== Your task ==
Filter the entries below, keeping only lines with the word "noteq".

***

(* For a non-negative integer $n$ and real $x>0$ small, define $$A_n(x)=2\ln(n!\,x)+\ln|\Gamma(-n-x)|+\ln|\Gamma(-n+x)|-x^2\sum_{k=1}^n\frac1{k^2}.$$ Then for every non-negative integer $n$, $$\lim_{x\to0^+}\frac{1}{x^2}\left[1-\frac{A_n(x)}{A_{n+1}(x)}\right]=\frac{3}{(n+1)^4\pi^2}=\frac{1}{2(n+1)^4\zeta(2)}.$$
   Context: $\Gamma$ is Euler's Gamma function on the real line and $\zeta$ is the Riemann zeta function. *)

theory Defs
  imports "HOL-Analysis.Analysis"
begin

definition A :: "nat \<Rightarrow> real \<Rightarrow> real" where
  "A n x = 2 * ln (fact n * x) + ln \<bar>Gamma (- real n - x)\<bar> + ln \<bar>Gamma (- real n + x)\<bar>
           - x\<^sup>2 * (\<Sum>k=1..n. 1 / (real k)\<^sup>2)"

definition zeta :: "real \<Rightarrow> real" where
  "zeta s = (\<Sum>k. 1 / (real (Suc k)) powr s)"

end

theory Submission
  imports Defs "HOL-Real_Asymp.Real_Asymp"
begin

text \<open>By the reflection formula, \<open>A\<^sub>0(x) = ln (\<pi>x / sin \<pi>x)\<close>, and by the functional equation of
  \<open>\<Gamma>\<close> each step in \<open>n\<close> adds \<open>-ln (1 - y\<^sup>2) - y\<^sup>2\<close> with \<open>y = x / (n + 1)\<close>.  This increment is
  \<open>x\<^sup>4 / (2(n + 1)\<^sup>4) + O(x\<^sup>6)\<close>, so every \<open>A\<^sub>n(x)\<close> behaves like \<open>\<pi>\<^sup>2 x\<^sup>2 / 6\<close>, and
  \<open>1 - A\<^sub>n/A\<^sub>n\<^sub>+\<^sub>1 = (A\<^sub>n\<^sub>+\<^sub>1 - A\<^sub>n)/A\<^sub>n\<^sub>+\<^sub>1\<close> is asymptotic to \<open>3 x\<^sup>2 / ((n + 1)\<^sup>4 \<pi>\<^sup>2)\<close>.
  Finally \<open>\<zeta>(2) = \<pi>\<^sup>2/6\<close> by Euler's identity.\<close>

lemma not_Ints_between_0_1:
  fixes x :: "'a :: floor_ceiling"
  assumes "0 < x" "x < 1"
  shows "x \<notin> \<int>"
  using assms frac_eq[of x] frac_gt_0_iff[of x] by simp

lemma minus_of_nat_add_not_nonpos_Ints:
  fixes x :: real
  assumes "x \<notin> \<int>"
  shows "- real n + x \<notin> \<int>\<^sub>\<le>\<^sub>0" and "- real n - x \<notin> \<int>\<^sub>\<le>\<^sub>0"
proof -
  have "- real n + x \<notin> \<int>" and "- real n - x \<notin> \<int>"
  proof -
    show "- real n + x \<notin> \<int>"
      using assms Ints_add[of "- real n + x" "real n"] by auto
    show "- real n - x \<notin> \<int>"
      using assms Ints_minus[of "real n + (- real n - x)"] Ints_add[of "real n" "- real n - x"] by auto
  qed
  then show "- real n + x \<notin> \<int>\<^sub>\<le>\<^sub>0" and "- real n - x \<notin> \<int>\<^sub>\<le>\<^sub>0"
    using nonpos_Ints_subset_Ints by blast+
qed

lemma Gamma_reflection_real:
  fixes x :: real
  shows "Gamma x * Gamma (- x) = - pi / (x * sin (pi * x))"
proof -
  have "complex_of_real (Gamma x * Gamma (- x)) = complex_of_real (- pi / (x * sin (pi * x)))"
    using Gamma_reflection_complex'[of "complex_of_real x"]
    by (simp add: Gamma_complex_of_real sin_of_real flip: of_real_minus of_real_mult of_real_divide)
  then show ?thesis
    by (simp only: of_real_eq_iff)
qed

lemma A_0:
  assumes "0 < x" "x < 1"
  shows "A 0 x = ln (pi * x / sin (pi * x))"
proof -
  have sin_pos: "sin (pi * x) > 0"
    using assms by (intro sin_gt_zero) auto
  have "Gamma x > 0"
    using assms by simp
  have "Gamma (- x) \<noteq> 0"
    using minus_of_nat_add_not_nonpos_Ints(2)[OF not_Ints_between_0_1[OF assms], of 0]
    by (simp add: Gamma_eq_zero_iff)
  then have "A 0 x = ln (x\<^sup>2 * \<bar>Gamma x * Gamma (- x)\<bar>)"
    using assms less_imp_neq[OF \<open>Gamma x > 0\<close>, symmetric]
    by (simp add: A_def ln_mult ln_realpow abs_mult)
  also have "x\<^sup>2 * \<bar>Gamma x * Gamma (- x)\<bar> = pi * x / sin (pi * x)"
    using assms sin_pos by (simp add: Gamma_reflection_real power2_eq_square)
  finally show ?thesis .
qed

definition A_increment :: "nat \<Rightarrow> real \<Rightarrow> real" where
  "A_increment n x = - ln (1 - (x / (real n + 1))\<^sup>2) - (x / (real n + 1))\<^sup>2"

lemma ln_abs_Gamma_minus_of_nat:
  assumes "- real (Suc n) + y \<notin> \<int>\<^sub>\<le>\<^sub>0"
  shows "ln \<bar>Gamma (- real n + y)\<bar> = ln \<bar>y - real (Suc n)\<bar> + ln \<bar>Gamma (- real (Suc n) + y)\<bar>"
proof -
  have "Gamma (- real n + y) = (y - real (Suc n)) * Gamma (- real (Suc n) + y)"
    using Gamma_plus1[OF assms] by (simp add: algebra_simps)
  then have "\<bar>Gamma (- real n + y)\<bar> = \<bar>y - real (Suc n)\<bar> * \<bar>Gamma (- real (Suc n) + y)\<bar>"
    by (simp only: abs_mult)
  moreover have "- real (Suc n) + y \<noteq> 0" and "Gamma (- real (Suc n) + y) \<noteq> 0"
    using assms by (auto simp: Gamma_eq_zero_iff)
  ultimately show ?thesis
    by (simp add: ln_mult)
qed

lemma A_Suc:
  assumes "0 < x" "x < 1"
  shows "A (Suc n) x = A n x + A_increment n x"
proof -
  define m where "m = real n + 1"
  have m: "m - x > 0" "m + x > 0"
    using assms by (auto simp: m_def)
  have x_not_Int: "x \<notin> \<int>" "- x \<notin> \<int>"
    using not_Ints_between_0_1[OF assms] by (auto simp: minus_in_Ints_iff)
  have Gamma_minus: "ln \<bar>Gamma (- real n - x)\<bar> = ln (m + x) + ln \<bar>Gamma (- real (Suc n) - x)\<bar>"
    using ln_abs_Gamma_minus_of_nat[of n "- x"]
      minus_of_nat_add_not_nonpos_Ints(1)[OF x_not_Int(2), of "Suc n"] m
    by (simp add: m_def)
  have Gamma_plus: "ln \<bar>Gamma (- real n + x)\<bar> = ln (m - x) + ln \<bar>Gamma (- real (Suc n) + x)\<bar>"
    using ln_abs_Gamma_minus_of_nat[of n x]
      minus_of_nat_add_not_nonpos_Ints(1)[OF x_not_Int(1), of "Suc n"] m
    by (simp add: m_def)
  have fact_Suc: "ln (fact (Suc n) * x) = ln m + ln (fact n * x)"
    using assms by (simp add: m_def ln_mult mult.assoc)
  have "1 - (x / m)\<^sup>2 = (m + x) * (m - x) / m\<^sup>2"
    using m by (simp add: field_simps power2_eq_square)
  then have ln_increment: "ln (1 - (x / m)\<^sup>2) = ln (m + x) + ln (m - x) - 2 * ln m"
    using m by (simp add: ln_mult ln_div ln_realpow)
  have "(\<Sum>k=1..Suc n. 1 / (real k)\<^sup>2) = (\<Sum>k=1..n. 1 / (real k)\<^sup>2) + 1 / m\<^sup>2"
    by (simp add: m_def add.commute)
  then show ?thesis
    unfolding A_def A_increment_def m_def[symmetric] ln_increment
    using Gamma_minus Gamma_plus fact_Suc by (simp add: power_divide algebra_simps)
qed

lemma A_eq_sum_A_increment:
  assumes "0 < x" "x < 1"
  shows "A n x = ln (pi * x / sin (pi * x)) + (\<Sum>k<n. A_increment k x)"
  by (induction n) (simp_all add: A_0[OF assms] A_Suc[OF assms])

lemma A_increment_asymp:
  "((\<lambda>x. A_increment n x / x ^ 4) \<longlongrightarrow> 1 / (2 * (real n + 1) ^ 4)) (at_right 0)"
proof -
  have "((\<lambda>x. A_increment n x / x ^ 4) \<longlongrightarrow> inverse (real n + 1) ^ 4 / 2) (at_right 0)"
    unfolding A_increment_def by real_asymp
  then show ?thesis
    by (simp add: field_simps)
qed

lemma A_asymp: "((\<lambda>x. A n x / x\<^sup>2) \<longlongrightarrow> pi\<^sup>2 / 6) (at_right 0)"
proof -
  have "((\<lambda>x. ln (pi * x / sin (pi * x)) / x\<^sup>2 + (\<Sum>k<n. A_increment k x / x ^ 4 * x\<^sup>2))
          \<longlongrightarrow> pi\<^sup>2 / 6 + (\<Sum>k<n. 1 / (2 * (real k + 1) ^ 4) * 0)) (at_right 0)"
  proof (intro tendsto_add tendsto_sum tendsto_mult A_increment_asymp)
    have "((\<lambda>x. ln (pi * x / sin (pi * x)) / x\<^sup>2)
            \<longlongrightarrow> pi * (inverse pi * (inverse pi * (pi * (pi * pi)))) / 6) (at_right 0)"
      by real_asymp
    then show "((\<lambda>x. ln (pi * x / sin (pi * x)) / x\<^sup>2) \<longlongrightarrow> pi\<^sup>2 / 6) (at_right 0)"
      by (simp add: power2_eq_square field_simps)
    show "((\<lambda>x::real. x\<^sup>2) \<longlongrightarrow> 0) (at_right 0)"
      by real_asymp
  qed
  moreover have "\<forall>\<^sub>F x in at_right 0.
      ln (pi * x / sin (pi * x)) / x\<^sup>2 + (\<Sum>k<n. A_increment k x / x ^ 4 * x\<^sup>2) = A n x / x\<^sup>2"
    using eventually_at_right_real[OF zero_less_one]
  proof eventually_elim
    case (elim x)
    then show ?case
      by (simp add: A_eq_sum_A_increment add_divide_distrib sum_divide_distrib power2_eq_square
          power4_eq_xxxx)
  qed
  ultimately show ?thesis
    by (simp add: Lim_transform_eventually)
qed

lemma zeta_2: "zeta 2 = pi\<^sup>2 / 6"
  using inverse_squares_sums by (simp add: zeta_def sums_iff add.commute)

theorem mainTheorem5:
  fixes n :: nat
  shows "((\<lambda>x. (1 / x\<^sup>2) * (1 - A n x / A (Suc n) x))
            \<longlongrightarrow> 3 / ((real n + 1) ^ 4 * pi\<^sup>2)) (at_right 0)
         \<and> 3 / ((real n + 1) ^ 4 * pi\<^sup>2) = 1 / (2 * (real n + 1) ^ 4 * zeta 2)"
proof
  have "((\<lambda>x. (A_increment n x / x ^ 4) / (A (Suc n) x / x\<^sup>2))
          \<longlongrightarrow> (1 / (2 * (real n + 1) ^ 4)) / (pi\<^sup>2 / 6)) (at_right 0)"
    by (intro tendsto_divide A_increment_asymp A_asymp) simp
  moreover have "\<forall>\<^sub>F x in at_right 0. A (Suc n) x / x\<^sup>2 > 0"
    using A_asymp by (rule order_tendstoD) simp
  then have "\<forall>\<^sub>F x in at_right 0. (A_increment n x / x ^ 4) / (A (Suc n) x / x\<^sup>2)
                   = (1 / x\<^sup>2) * (1 - A n x / A (Suc n) x)"
    using eventually_at_right_real[OF zero_less_one]
  proof eventually_elim
    case (elim x)
    then show ?case
      by (auto simp: A_Suc field_simps power2_eq_square power4_eq_xxxx)
  qed
  ultimately show "((\<lambda>x. (1 / x\<^sup>2) * (1 - A n x / A (Suc n) x))
            \<longlongrightarrow> 3 / ((real n + 1) ^ 4 * pi\<^sup>2)) (at_right 0)"
    by (simp add: Lim_transform_eventually field_simps)
  show "3 / ((real n + 1) ^ 4 * pi\<^sup>2) = 1 / (2 * (real n + 1) ^ 4 * zeta 2)"
    by (simp add: zeta_2 field_simps)
qed

end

***

== Response for this exercise ==
  have "Gamma (- x) \<noteq> 0"
  moreover have "- real (Suc n) + y \<noteq> 0" and "Gamma (- real (Suc n) + y) \<noteq> 0"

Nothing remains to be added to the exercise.